Data for processing »

- Opening Delimiter -

section \<open>The state space\<close>

lemma mem_carry_states_iff: "c \<in> carry_states b d n \<longleftrightarrow> (\<exists>i. c \<in> set_pmf (carry_dist b d n i))"
  by (simp add: carry_states_def set_pmf_iff order_less_le)

lemma zero_mem_carry_states: "0 \<in> carry_states b d n"
  using mem_carry_states_iff[of 0 b d n] by (metis carry_dist.simps(1) set_return_pmf singletonI)

lemma carry_states_closed:
  assumes "c \<in> carry_states b d n" and "c' \<in> set_pmf (carry_trans b d n c)"
  shows "c' \<in> carry_states b d n"
proof -
  obtain i where "c \<in> set_pmf (carry_dist b d n i)"
    using assms(1) by (auto simp: mem_carry_states_iff)
  then have "c' \<in> set_pmf (carry_dist b d n (Suc i))"
    using assms(2) by auto
  then show ?thesis
    unfolding mem_carry_states_iff by blast
qed

lemma carry_states_induct [consumes 1]:
  assumes "c \<in> carry_states b d n" and "P 0"
    and "\<And>c c'. P c \<Longrightarrow> c' \<in> set_pmf (carry_trans b d n c) \<Longrightarrow> P c'"
  shows "P c"
proof -
  have "\<forall>c\<in>set_pmf (carry_dist b d n i). P c" for i
    by (induction i) (use assms(2,3) in auto)
  then show ?thesis
    using assms(1) by (auto simp: mem_carry_states_iff)
qed

locale carry_chain =
  fixes b n :: nat and d :: int
  assumes two_le_b: "2 \<le> b" and one_le_n: "1 \<le> n" and zero_digit: "0 \<in> digit_set b d"
begin

definition carry_min :: int where
  "carry_min = int (n - 1) * d div (int b - 1)"

text \<open>This is \<open>(b - 1)/p\<close> in the paper's notation.\<close>
definition kappa :: int where
  "kappa = int b - 1 - int (n - 1) * d mod (int b - 1)"

lemma b_pos: "0 < int b"
  using two_le_b by simp

lemma b_minus_1_pos: "0 < int b - 1"
  using two_le_b by simp

lemma digit_bounds: "1 - int b \<le> d" "d \<le> 0"
  using zero_digit by (auto simp: digit_set_iff)

lemma kappa_bounds: "1 \<le> kappa" "kappa \<le> int b - 1"
  using pos_mod_sign[OF b_minus_1_pos, of "int (n - 1) * d"]
    pos_mod_bound[OF b_minus_1_pos, of "int (n - 1) * d"]
  unfolding kappa_def by linarith+

lemma carry_min_kappa: "(int b - 1) * carry_min = int (n - 1) * d - (int b - 1) + kappa"
  using mult_div_mod_eq[of "int b - 1" "int (n - 1) * d"]
  unfolding carry_min_def kappa_def by linarith

lemma carry_min_bounds: "1 - int n \<le> carry_min" "carry_min \<le> 0"
proof -
  have "int (n - 1) * (1 - int b) \<le> int (n - 1) * d"
    using digit_bounds by (intro mult_left_mono) auto
  then show "1 - int n \<le> carry_min"
    using one_le_n by (simp add: carry_min_def int_le_div_iff[OF b_minus_1_pos] algebra_simps of_nat_diff)
  show "carry_min \<le> 0"
    using digit_bounds b_minus_1_pos
    by (simp add: carry_min_def div_nonpos_pos_le0 mult_nonneg_nonpos)
qed

lemma n_times_d: "int n * d = int (n - 1) * d + d"
  using one_le_n by (simp add: of_nat_diff algebra_simps)

lemma carry_step_bounds:
  assumes "c \<in> {carry_min..carry_min + int n + kappa}" and "x \<in> digit_tuples b d n"
  shows "(c + (\<Sum>i<n. x i) - d) div int b \<in> {carry_min..carry_min + int n + kappa}"
proof -
  have c: "carry_min \<le> c" "c \<le> carry_min + int n + kappa"
    using assms(1) by auto
  note sum_x = sum_digit_tuple_bounds[OF assms(2)]
  have "int b * carry_min = (int b - 1) * carry_min + carry_min"
    by (simp add: algebra_simps)
  then have "int b * carry_min \<le> c + (\<Sum>i<n. x i) - d"
    using c sum_x(1) kappa_bounds carry_min_kappa n_times_d by linarith
  then have lower: "carry_min \<le> (c + (\<Sum>i<n. x i) - d) div int b"
    using two_le_b by (simp add: int_le_div_iff)
  have "int b * (carry_min + int n + kappa + 1)
      = carry_min + int n + kappa + 1 + (int b - 1) * carry_min + (int b - 1) * int n
        + (int b - 1) * kappa + (int b - 1)"
    by (simp add: algebra_simps)
  moreover have "int n * (d + int b - 1) = int n * d + (int b - 1) * int n"
    by (simp add: algebra_simps)
  moreover have "0 \<le> (int b - 1) * kappa"
    using b_minus_1_pos kappa_bounds by simp
  ultimately have "c + (\<Sum>i<n. x i) - d < int b * (carry_min + int n + kappa + 1)"
    using c sum_x(2) kappa_bounds carry_min_kappa n_times_d by linarith
  then have "(c + (\<Sum>i<n. x i) - d) div int b < carry_min + int n + kappa + 1"
    by (rule iffD2[OF int_div_less_iff[OF b_pos]])
  with lower show ?thesis
    by simp
qed

lemma carry_states_subset: "carry_states b d n \<subseteq> {carry_min..carry_min + int n + kappa}"
proof
  fix c assume "c \<in> carry_states b d n"
  then show "c \<in> {carry_min..carry_min + int n + kappa}"
  proof (induction rule: carry_states_induct)
    case 1
    show ?case
      using carry_min_bounds kappa_bounds by simp
  next
    case (2 c c')
    then show ?case
      using carry_step_bounds two_le_b by (auto simp: set_pmf_carry_trans)
  qed
qed
definition herm_inner :: "complex^'k \<Rightarrow> complex^'k \<Rightarrow> complex" where
  "herm_inner u v = (\<Sum>i\<in>UNIV. u $ i * cnj (v $ i))"

definition hperp :: "complex^'k \<Rightarrow> (complex^'k) set" where
  "hperp x = {v. herm_inner v x = 0}"

definition homog_poly :: "nat \<Rightarrow> (complex^'k \<Rightarrow> complex) \<Rightarrow> bool" where
  "homog_poly d p \<longleftrightarrow>
     (\<exists>c :: ('k \<Rightarrow> nat) \<Rightarrow> complex.
        finite {a. c a \<noteq> 0} \<and> (\<forall>a. c a \<noteq> 0 \<longrightarrow> (\<Sum>i\<in>UNIV. a i) = d) \<and>
        p = (\<lambda>z. \<Sum>a | c a \<noteq> 0. c a * (\<Prod>i\<in>UNIV. (z $ i) ^ a i)))"

definition H_d :: "('n \<Rightarrow> nat) \<Rightarrow> (complex^'m \<Rightarrow> complex^'n) set" where
  "H_d d = {f. \<forall>i. homog_poly (d i) (\<lambda>z. f z $ i)}"

definition rank_restr :: "(complex^'m \<Rightarrow> complex^'n) \<Rightarrow> (complex^'m) set \<Rightarrow> nat" where
  "rank_restr A V = vec.dim (A ` V)"

definition restr_inv :: "(complex^'m \<Rightarrow> complex^'n) \<Rightarrow> complex^'m \<Rightarrow> complex^'n \<Rightarrow> complex^'m" where
  "restr_inv A x w = (THE u. u \<in> hperp x \<and> A u = w)"

definition onorm_on :: "(complex^'m \<Rightarrow> complex^'k) \<Rightarrow> (complex^'m) set \<Rightarrow> real" where
  "onorm_on g V = (SUP v\<in>V. norm (g v) / norm v)"

definition dR :: "complex^'m \<Rightarrow> complex^'m \<Rightarrow> real" where
  "dR x y = arccos (cmod (herm_inner x y) / (norm x * norm y))"

definition dP :: "complex^'m \<Rightarrow> complex^'m \<Rightarrow> real" where
  "dP x y = sin (dR x y)"

text \<open>theta_x: angle between C x and ker A (A = Df(x) of rank n), computed via a
  nonzero kernel vector.\<close>
definition theta :: "(complex^'m \<Rightarrow> complex^'n) \<Rightarrow> complex^'m \<Rightarrow> real" where
  "theta A x = (let w = (SOME w. w \<noteq> 0 \<and> A w = 0) in
                  arccos (cmod (herm_inner x w) / (norm x * norm w)))"
lemma param_in_edge:
  assumes "0 < n" and "t \<in> {real m..real m + 1}"
  shows "param n v t \<in> edge n v m"
proof -
  have "param n v t = (1 - (t - real m)) *\<^sub>R vtx n v m + (t - real m) *\<^sub>R vtx n v (Suc m)"
    unfolding param_eq_on_edge[OF assms] by (simp add: algebra_simps)
  then show ?thesis
    using assms(2) unfolding edge_def in_segment by (intro exI[of _ "t - real m"]) auto
qed

lemma param_affine_on_edge:
  assumes "0 < n"
  obtains c where "\<forall>t\<in>{real m..real m + 1}. param n v t = c + t *\<^sub>R (vtx n v (Suc m) - vtx n v m)"
proof
  show "\<forall>t\<in>{real m..real m + 1}. param n v t =
          (vtx n v m - real m *\<^sub>R (vtx n v (Suc m) - vtx n v m)) + t *\<^sub>R (vtx n v (Suc m) - vtx n v m)"
    using param_eq_on_edge[OF assms] by (simp add: algebra_simps)
qed

lemma turning_point_if_local_min:
  assumes "0 < n" and "0 < \<epsilon>"
    and left: "{s - \<epsilon>..s} \<subseteq> {real l..real l + 1}" "vtx n v l \<noteq> vtx n v (Suc l)"
    and right: "{s..s + \<epsilon>} \<subseteq> {real r..real r + 1}" "vtx n v r \<noteq> vtx n v (Suc r)"
    and local_min: "\<forall>t\<in>{s - \<epsilon>..s + \<epsilon>}. dist y (param n v s) \<le> dist y (param n v t)"
  shows "turning_point n v y (param n v s)"
proof -
  define w1 where "w1 = vtx n v (Suc l) - vtx n v l"
  define w2 where "w2 = vtx n v (Suc r) - vtx n v r"
  obtain c1 where "\<forall>t\<in>{real l..real l + 1}. param n v t = c1 + t *\<^sub>R w1"
    unfolding w1_def by (rule param_affine_on_edge[OF assms(1)])
  with left(1) have c1: "param n v t = c1 + t *\<^sub>R w1" if "t \<in> {s - \<epsilon>..s}" for t
    using that by blast
  obtain c2 where "\<forall>t\<in>{real r..real r + 1}. param n v t = c2 + t *\<^sub>R w2"
    unfolding w2_def by (rule param_affine_on_edge[OF assms(1)])
  with right(1) have c2: "param n v t = c2 + t *\<^sub>R w2" if "t \<in> {s..s + \<epsilon>}" for t
    using that by blast
  have s_mem: "s \<in> {s - \<epsilon>..s}" "s \<in> {s..s + \<epsilon>}" using \<open>0 < \<epsilon>\<close> by auto
  have min_left: "dist y (param n v s) \<le> dist y (param n v t)" if "t \<in> {s - \<epsilon>..s}" for t
    using local_min that \<open>0 < \<epsilon>\<close> by auto
  have min_right: "dist y (param n v s) \<le> dist y (param n v t)" if "t \<in> {s..s + \<epsilon>}" for t
    using local_min that \<open>0 < \<epsilon>\<close> by auto
  have "strict_antimono_on {s - \<epsilon>..s} (\<lambda>t. dist y (c1 + t *\<^sub>R w1))"
  proof (rule dist_line_strict_antimono_on)
    show "w1 \<noteq> 0" using left(2) unfolding w1_def by simp
    show "\<forall>t\<in>{s - \<epsilon>..s}. dist y (c1 + s *\<^sub>R w1) \<le> dist y (c1 + t *\<^sub>R w1)"
      using min_left c1 s_mem(1) by simp
  qed
  then have "strict_antimono_on {s - \<epsilon>..s} (\<lambda>t. dist y (param n v t))"
    by (simp add: monotone_on_def c1)
  moreover have "strict_mono_on {s..s + \<epsilon>} (\<lambda>t. dist y (c2 + t *\<^sub>R w2))"
  proof (rule dist_line_strict_mono_on)
    show "w2 \<noteq> 0" using right(2) unfolding w2_def by simp
    show "\<forall>t\<in>{s..s + \<epsilon>}. dist y (c2 + s *\<^sub>R w2) \<le> dist y (c2 + t *\<^sub>R w2)"
      using min_right c2 s_mem(2) by simp
  qed
  then have "strict_mono_on {s..s + \<epsilon>} (\<lambda>t. dist y (param n v t))"
    by (simp add: monotone_on_def c2)
  ultimately show ?thesis
    unfolding turning_point_def using \<open>0 < \<epsilon>\<close> by blast
qed

lemma turning_point_at_vertex:
  assumes K: "polygonal_knot n v" and "1 \<le> k"
    and local_min: "\<forall>z \<in> edge n v (k - 1) \<union> edge n v k. dist y (vtx n v k) \<le> dist y z"
  shows "turning_point n v y (vtx n v k)"
proof -
  have "0 < n" using polygonal_knot_ge_3[OF K] by simp
  have k: "real (k - 1) = real k - 1" using \<open>1 \<le> k\<close> by simp
  have vtx_k: "param n v (real k) = vtx n v k"
    using param_eq_on_edge[OF \<open>0 < n\<close>, of "real k" k] by simp
  have "turning_point n v y (param n v (real k))"
  proof (rule turning_point_if_local_min[OF \<open>0 < n\<close>, of 1 "real k" "k - 1" v k])
    show "vtx n v (k - 1) \<noteq> vtx n v (Suc (k - 1))" "vtx n v k \<noteq> vtx n v (Suc k)"
      using polygonal_knot_vtx_Suc_neq[OF K] by blast+
    have "param n v t \<in> edge n v (k - 1) \<union> edge n v k" if "t \<in> {real k - 1..real k + 1}" for t
      using that param_in_edge[OF \<open>0 < n\<close>, of t "k - 1"] param_in_edge[OF \<open>0 < n\<close>, of t k] k
      by (cases "t \<le> real k") auto
    then show "\<forall>t\<in>{real k - 1..real k + 1}. dist y (param n v (real k)) \<le> dist y (param n v t)"
      using local_min vtx_k by auto
  qed (use k in auto)
  then show ?thesis using vtx_k by simp
qed

lemma turning_point_inside_edge:
  assumes K: "polygonal_knot n v" and "0 < \<sigma>" "\<sigma> < 1"
    and x: "x = vtx n v k + \<sigma> *\<^sub>R (vtx n v (Suc k) - vtx n v k)"
    and local_min: "\<forall>z \<in> edge n v k. dist y x \<le> dist y z"
  shows "turning_point n v y x"
proof -
  have "0 < n" using polygonal_knot_ge_3[OF K] by simp
  define \<epsilon> where "\<epsilon> = min \<sigma> (1 - \<sigma>)"
  have "0 < \<epsilon>" using assms(2,3) unfolding \<epsilon>_def by simp
  have x_param: "param n v (real k + \<sigma>) = x"
    using param_eq_on_edge[OF \<open>0 < n\<close>, of "real k + \<sigma>" k] assms(2,3) x by simp
  have nbhd: "{real k + \<sigma> - \<epsilon>..real k + \<sigma> + \<epsilon>} \<subseteq> {real k..real k + 1}"
    unfolding \<epsilon>_def by auto
  have "turning_point n v y (param n v (real k + \<sigma>))"
  proof (rule turning_point_if_local_min[OF \<open>0 < n\<close> \<open>0 < \<epsilon>\<close>, of "real k + \<sigma>" k v k])
    show "\<forall>t\<in>{real k + \<sigma> - \<epsilon>..real k + \<sigma> + \<epsilon>}. dist y (param n v (real k + \<sigma>)) \<le> dist y (param n v t)"
      using nbhd param_in_edge[OF \<open>0 < n\<close>] local_min x_param by blast
  qed (use nbhd polygonal_knot_vtx_Suc_neq[OF K] in auto)
  then show ?thesis using x_param by simp
qed

section \<open>Distance across a vertex\<close>

abbreviation MD_lower_bound :: "nat \<Rightarrow> (nat \<Rightarrow> pt) \<Rightarrow> ereal" where
  "MD_lower_bound n v \<equiv> min (2 * thickness_R n v) (ereal (MinEdge n v))"

lemma MD_lower_bound_le_edge_len:
  assumes "0 < n" and "edge_len n v i \<le> d"
  shows "MD_lower_bound n v \<le> ereal d"
proof -
  have "MinEdge n v \<le> edge_len n v (i mod n)"
    unfolding MinEdge_def using assms(1) by (intro Min_le) (auto intro!: image_eqI[where x = "i mod n"])
  with assms(2) show ?thesis
    by (simp add: min.coboundedI2)
qed

lemma MD_lower_bound_le_dcsd:
  assumes "dcsd n v \<le> d"
  shows "MD_lower_bound n v \<le> ereal d"
proof -
  have "2 * thickness_R n v \<le> 2 * ereal (dcsd n v / 2)"
    unfolding thickness_R_def by (intro ereal_mult_left_mono) auto
  also have "\<dots> = ereal (dcsd n v)" by simp
  finally show ?thesis
    using assms by (meson ereal_less_eq(3) min.coboundedI1 order_trans)
qed

lemma MD_lower_bound_le_Rad:
  assumes "0 < n" and "2 * Rad n v i \<le> ereal d"
  shows "MD_lower_bound n v \<le> ereal d"
proof -
  have "MinRad n v \<le> Rad n v (i mod n)"
    unfolding MinRad_def using assms(1) by (intro Min_le) (auto intro!: image_eqI[where x = "i mod n"])
  then have "2 * thickness_R n v \<le> 2 * Rad n v i"
    unfolding thickness_R_def using assms(1) by (intro ereal_mult_left_mono min.coboundedI1) auto
  with assms(2) show ?thesis
    by (meson min.coboundedI1 order_trans)
qed

lemma norm_add_scaleR_ge:
  fixes a b :: "'a::real_inner"
  shows "norm a * sqrt (1 - ((a \<bullet> b) / (norm a * norm b))\<^sup>2) \<le> norm (a + t *\<^sub>R b)"
proof (cases "a = 0 \<or> b = 0")
  case True
  then show ?thesis by auto
next
  case False
  define c where "c = (a \<bullet> b) / (norm a * norm b)"
  have "\<bar>a \<bullet> b\<bar>\<^sup>2 \<le> (norm a * norm b)\<^sup>2"
    by (rule power_mono[OF Cauchy_Schwarz_ineq2]) simp
  with False have "c\<^sup>2 \<le> 1"
    unfolding c_def by (simp add: power_divide)
  \<comment> \<open>Lagrange's identity; the last square vanishes at the foot of the perpendicular.\<close>
  have "(norm b)\<^sup>2 * (norm (a + t *\<^sub>R b))\<^sup>2 = (norm a * norm b)\<^sup>2 - (a \<bullet> b)\<^sup>2 + (t * (norm b)\<^sup>2 + a \<bullet> b)\<^sup>2"
    unfolding power2_norm_add_scaleR by (simp add: algebra_simps power2_eq_square)
  moreover have "(norm a * norm b)\<^sup>2 - (a \<bullet> b)\<^sup>2 = (norm b)\<^sup>2 * (norm a * sqrt (1 - c\<^sup>2))\<^sup>2"
    using False \<open>c\<^sup>2 \<le> 1\<close> unfolding c_def by (simp add: power_mult_distrib power_divide field_simps)
  ultimately have "(norm b)\<^sup>2 * (norm a * sqrt (1 - c\<^sup>2))\<^sup>2 \<le> (norm b)\<^sup>2 * (norm (a + t *\<^sub>R b))\<^sup>2"
    by simp
  then have "(norm a * sqrt (1 - c\<^sup>2))\<^sup>2 \<le> (norm (a + t *\<^sub>R b))\<^sup>2"
    using False by simp
  then show ?thesis
    unfolding c_def[symmetric] by (rule power2_le_imp_le) simp
qed

lemma div_tan_half_arccos_le:
  fixes c m r :: real
  assumes "-1 \<le> c" "c \<le> 0" "0 \<le> m" "m \<le> r"
  shows "m / tan (arccos c / 2) \<le> r * sqrt (1 - c\<^sup>2)"
proof -
  have tan: "tan (arccos c / 2) = sqrt (1 - c\<^sup>2) / (c + 1)"
    using assms(1,2) by (simp add: tan_half[of "arccos c / 2"] sin_arccos)
  show ?thesis
  proof (cases "c = -1")
    case True
    \<comment> \<open>A full U-turn: here tan (pi/2) = 0 in HOL, so the left-hand side is 0.\<close>
    then show ?thesis using assms by (simp add: tan)
  next
    case False
    define s where "s = sqrt (1 - c\<^sup>2)"
    have "0 < 1 - c\<^sup>2"
      using assms(1,2) False by (simp add: abs_square_less_1)
    then have "0 < s" "s\<^sup>2 = 1 - c\<^sup>2" unfolding s_def by simp_all
    have "m * (c + 1) \<le> r * (c + 1)"
      using assms by (intro mult_right_mono) auto
    also have "\<dots> \<le> r * ((1 - c) * (1 + c))"
    proof (rule mult_left_mono)
      have "c * (1 + c) \<le> 0" using assms(1,2) by (simp add: mult_nonpos_nonneg)
      then show "c + 1 \<le> (1 - c) * (1 + c)" by (simp add: algebra_simps)
    qed (use assms in simp)
    also have "\<dots> = r * s\<^sup>2"
      by (subst \<open>s\<^sup>2 = 1 - c\<^sup>2\<close>) (simp add: algebra_simps power2_eq_square)
    finally show ?thesis
      using \<open>0 < s\<close> unfolding tan s_def[symmetric] by (simp add: divide_le_eq power2_eq_square mult_ac)
  qed
qed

- Closing Delimiter -

Problem to solve » Filter the preceding entries down to the lines with "shows".

Solution for this task »
  shows "c' \<in> carry_states b d n"
  shows "P c"
  shows "(c + (\<Sum>i<n. x i) - d) div int b \<in> {carry_min..carry_min + int n + kappa}"
  shows "param n v t \<in> edge n v m"
  shows "turning_point n v y (param n v s)"
  shows "turning_point n v y (vtx n v k)"
  shows "turning_point n v y x"
  shows "MD_lower_bound n v \<le> ereal d"
  shows "MD_lower_bound n v \<le> ereal d"
  shows "MD_lower_bound n v \<le> ereal d"
  shows "norm a * sqrt (1 - ((a \<bullet> b) / (norm a * norm b))\<^sup>2) \<le> norm (a + t *\<^sub>R b)"
  shows "m / tan (arccos c / 2) \<le> r * sqrt (1 - c\<^sup>2)"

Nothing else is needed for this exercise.